Hello, Thank you for the information. This grib file comes from MeteoNet ? Or it comes from the public data website of Meteo France ? Their data can have a different structure from ours in MeteoNet. So the reading can be different.

claustres commented 3 years ago

These files are coming from Meteo France when you buy weather forecast data (AROME 0.025° in my case).

larvorg commented 3 years ago

Ok.

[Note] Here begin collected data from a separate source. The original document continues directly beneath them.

text \<open>M is the measure nu^(mu): a probability measure on the space of rooted planar trees
  whose cylinder sets {T. B_r(T) = T0} are measurable with the prescribed probabilities
  (this characterizes nu^(mu) on the sigma-algebra generated by the cylinders).\<close>
definition is_nu_measure :: "real \<Rightarrow> nat list set measure \<Rightarrow> bool" where
  "is_nu_measure \<mu> M \<longleftrightarrow>
     prob_space M \<and> space M = {T. rooted_planar_tree T} \<and>
     (\<forall>r T0. finite_tree_of_height r T0 \<longrightarrow>
        (let K = card (D r T0); cyl = {T \<in> space M. ball_tree r T = T0} in
          cyl \<in> sets M \<and>
          measure M cyl = real K * kpar \<mu> ^ (r - 1) * gcrit \<mu> ^ (n_edges T0 - K)
                            * Xfun (gcrit \<mu>) ^ (K - 1)))"

end

theory Submission
  imports Defs
begin

text \<open>Let X = X(g_c), so 0 < X < 1/2. Under \<open>\<nu>\<close>, given the ball of radius r, the |D_r| top
  vertices have independent geometric offspring numbers. Hence the generating function
  \<open>W_r(s) = E s^|D_r|\<close> satisfies \<open>W_{r+1}(s) = E[s ((1 - X)/(1 - X s))^(|D_r| + 1)]\<close>.
  At s = 1 this gives \<open>W_r(1) = 1\<close>: almost surely every ball is a finite tree of full height.
  At \<open>\<lambda> = 1/(2X) > 1\<close> the factor is \<open>\<lambda> (2(1 - X))^(K+1)\<close> with K = |D_r|, which is at most
  \<open>\<lambda>^K/2 + b\<close> because \<open>4X(1 - X) < 1\<close>; so \<open>W_r(\<lambda>)\<close> stays bounded. Markov's inequality gives
  \<open>P(|D_r| \<ge> 2 ln r / ln \<lambda>) = O(r^-2)\<close>, and Borel--Cantelli yields the logarithmic bound on
  |D_r| for all large r; the bounds on |B_r| follow by summation.\<close>

lemma rooted_planar_tree_left_sibling:
  assumes "rooted_planar_tree T" "w @ [i] \<in> T" "j \<le> i"
  shows "w @ [j] \<in> T"
  using assms(2,3)
proof (induction i)
  case (Suc i)
  then show ?case
    using assms(1) unfolding rooted_planar_tree_def by (cases "j = Suc i") auto
qed simp

lemma down_closed_finite_nat_eq_lessThan:
  assumes "finite (S :: nat set)" "\<And>i j. i \<in> S \<Longrightarrow> j \<le> i \<Longrightarrow> j \<in> S"
  shows "S = {..<card S}"
proof -
  obtain n where "n \<notin> S" using assms(1) by (meson ex_new_if_finite infinite_UNIV_nat)
  define m where "m = (LEAST n. n \<notin> S)"
  have "m \<notin> S" unfolding m_def by (rule LeastI) fact
  moreover have "j < m \<Longrightarrow> j \<in> S" for j unfolding m_def using not_less_Least by blast
  ultimately have "S = {..<m}" using assms(2) by (metis lessThan_iff not_le subsetI subset_antisym)
  then show ?thesis by simp
qed

lemma child_iff_less_card_children:
  assumes "rooted_planar_tree T" "finite T"
  shows "w @ [j] \<in> T \<longleftrightarrow> j < card {j. w @ [j] \<in> T}"
proof -
  let ?S = "{j. w @ [j] \<in> T}"
  have "finite ?S"
    using finite_vimageI[OF assms(2), of "\<lambda>j. w @ [j]"] by (simp add: vimage_def inj_on_def)
  then have "?S = {..<card ?S}"
    by (rule down_closed_finite_nat_eq_lessThan)
       (use rooted_planar_tree_left_sibling[OF assms(1)] in blast)
  then have "w @ [j] \<in> T \<longleftrightarrow> j \<in> {..<card ?S}" by blast
  then show ?thesis unfolding lessThan_iff .
qed

definition trees_of_height :: "nat \<Rightarrow> nat list set set" where
  "trees_of_height r = {T0. finite_tree_of_height r T0}"

lemma trees_of_heightD:
  assumes "T0 \<in> trees_of_height r"
  shows "rooted_planar_tree T0" "finite T0" "\<And>v. v \<in> T0 \<Longrightarrow> length v \<le> r"
    "D r T0 \<noteq> {}" "r \<ge> 1" "finite (D r T0)"
proof -
  have T0: "rooted_planar_tree T0" "finite T0" "D r T0 \<noteq> {}" "ball_tree r T0 = T0"
    using assms by (auto simp: trees_of_height_def finite_tree_of_height_def)
  show "rooted_planar_tree T0" "finite T0" "D r T0 \<noteq> {}" using T0 by simp_all
  show len: "length v \<le> r" if "v \<in> T0" for v
    using that T0(4) by (auto simp: ball_tree_def)
  show "r \<ge> 1" using len[of "[0]"] T0(1) by (simp add: rooted_planar_tree_def)
  show "finite (D r T0)" using T0(2) by (simp add: D_def)
qed

lemma countable_trees_of_height: "countable (trees_of_height r)"
  by (rule countable_subset[OF _ countable_Collect_finite])
     (auto simp: trees_of_height_def finite_tree_of_height_def)

lemma trees_of_height_1: "trees_of_height 1 = {{[], [0]}}"
proof (intro equalityI subsetI)
  fix T0 assume T0: "T0 \<in> trees_of_height 1"
  note F = trees_of_heightD[OF T0]
  have "v \<in> {[], [0]}" if v: "v \<in> T0" for v
  proof -
    consider "v = []" | i where "v = [i]" using F(3)[OF v] by (cases v) auto
    then show ?thesis
    proof cases
      case (2 i)
      have "[] @ [1] \<notin> T0" using F(1) by (simp add: rooted_planar_tree_def)
      then have "i = 0"
        using rooted_planar_tree_left_sibling[OF F(1), of "[]" i 1] v 2 by (cases i) auto
      then show ?thesis using 2 by simp
    qed simp
  qed
  moreover have "{[], [0]} \<subseteq> T0" using F(1) by (simp add: rooted_planar_tree_def)
  ultimately show "T0 \<in> {{[], [0]}}" by blast
next
  fix T0 assume "T0 \<in> {{[], [0::nat]}}"
  then show "T0 \<in> trees_of_height 1"
    by (auto simp: trees_of_height_def finite_tree_of_height_def rooted_planar_tree_def
                   ball_tree_def D_def)
qed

Could you send one sample file in attachment ? Maybe the coordinates names are not the same according to parameters ? For example, if the vertical levels are in meters, the vertical level name is 'heightAboveGround'. If it about isobar vertical levels (in hPa) it is called 'isobaricInhPa'...etc It is like this in MeteoNet, but the files are separated.

claustres commented 3 years ago

The file is big (~300MB), I will provide you with a link to download it in a private message on your slack.

benjamingorman commented 3 weeks ago

Almost exactly the same error crops up when using GRIB files from ECMWF's open dataset available here https://data.ecmwf.int/forecasts/20241014/00z/ifs/0p25/oper/ This is a 15 day short-term weather forecast.

I understand as @claustres said that reading variables one-at-a-time is an option to suppress the warning, but don't quite understand why it's happening in the first place.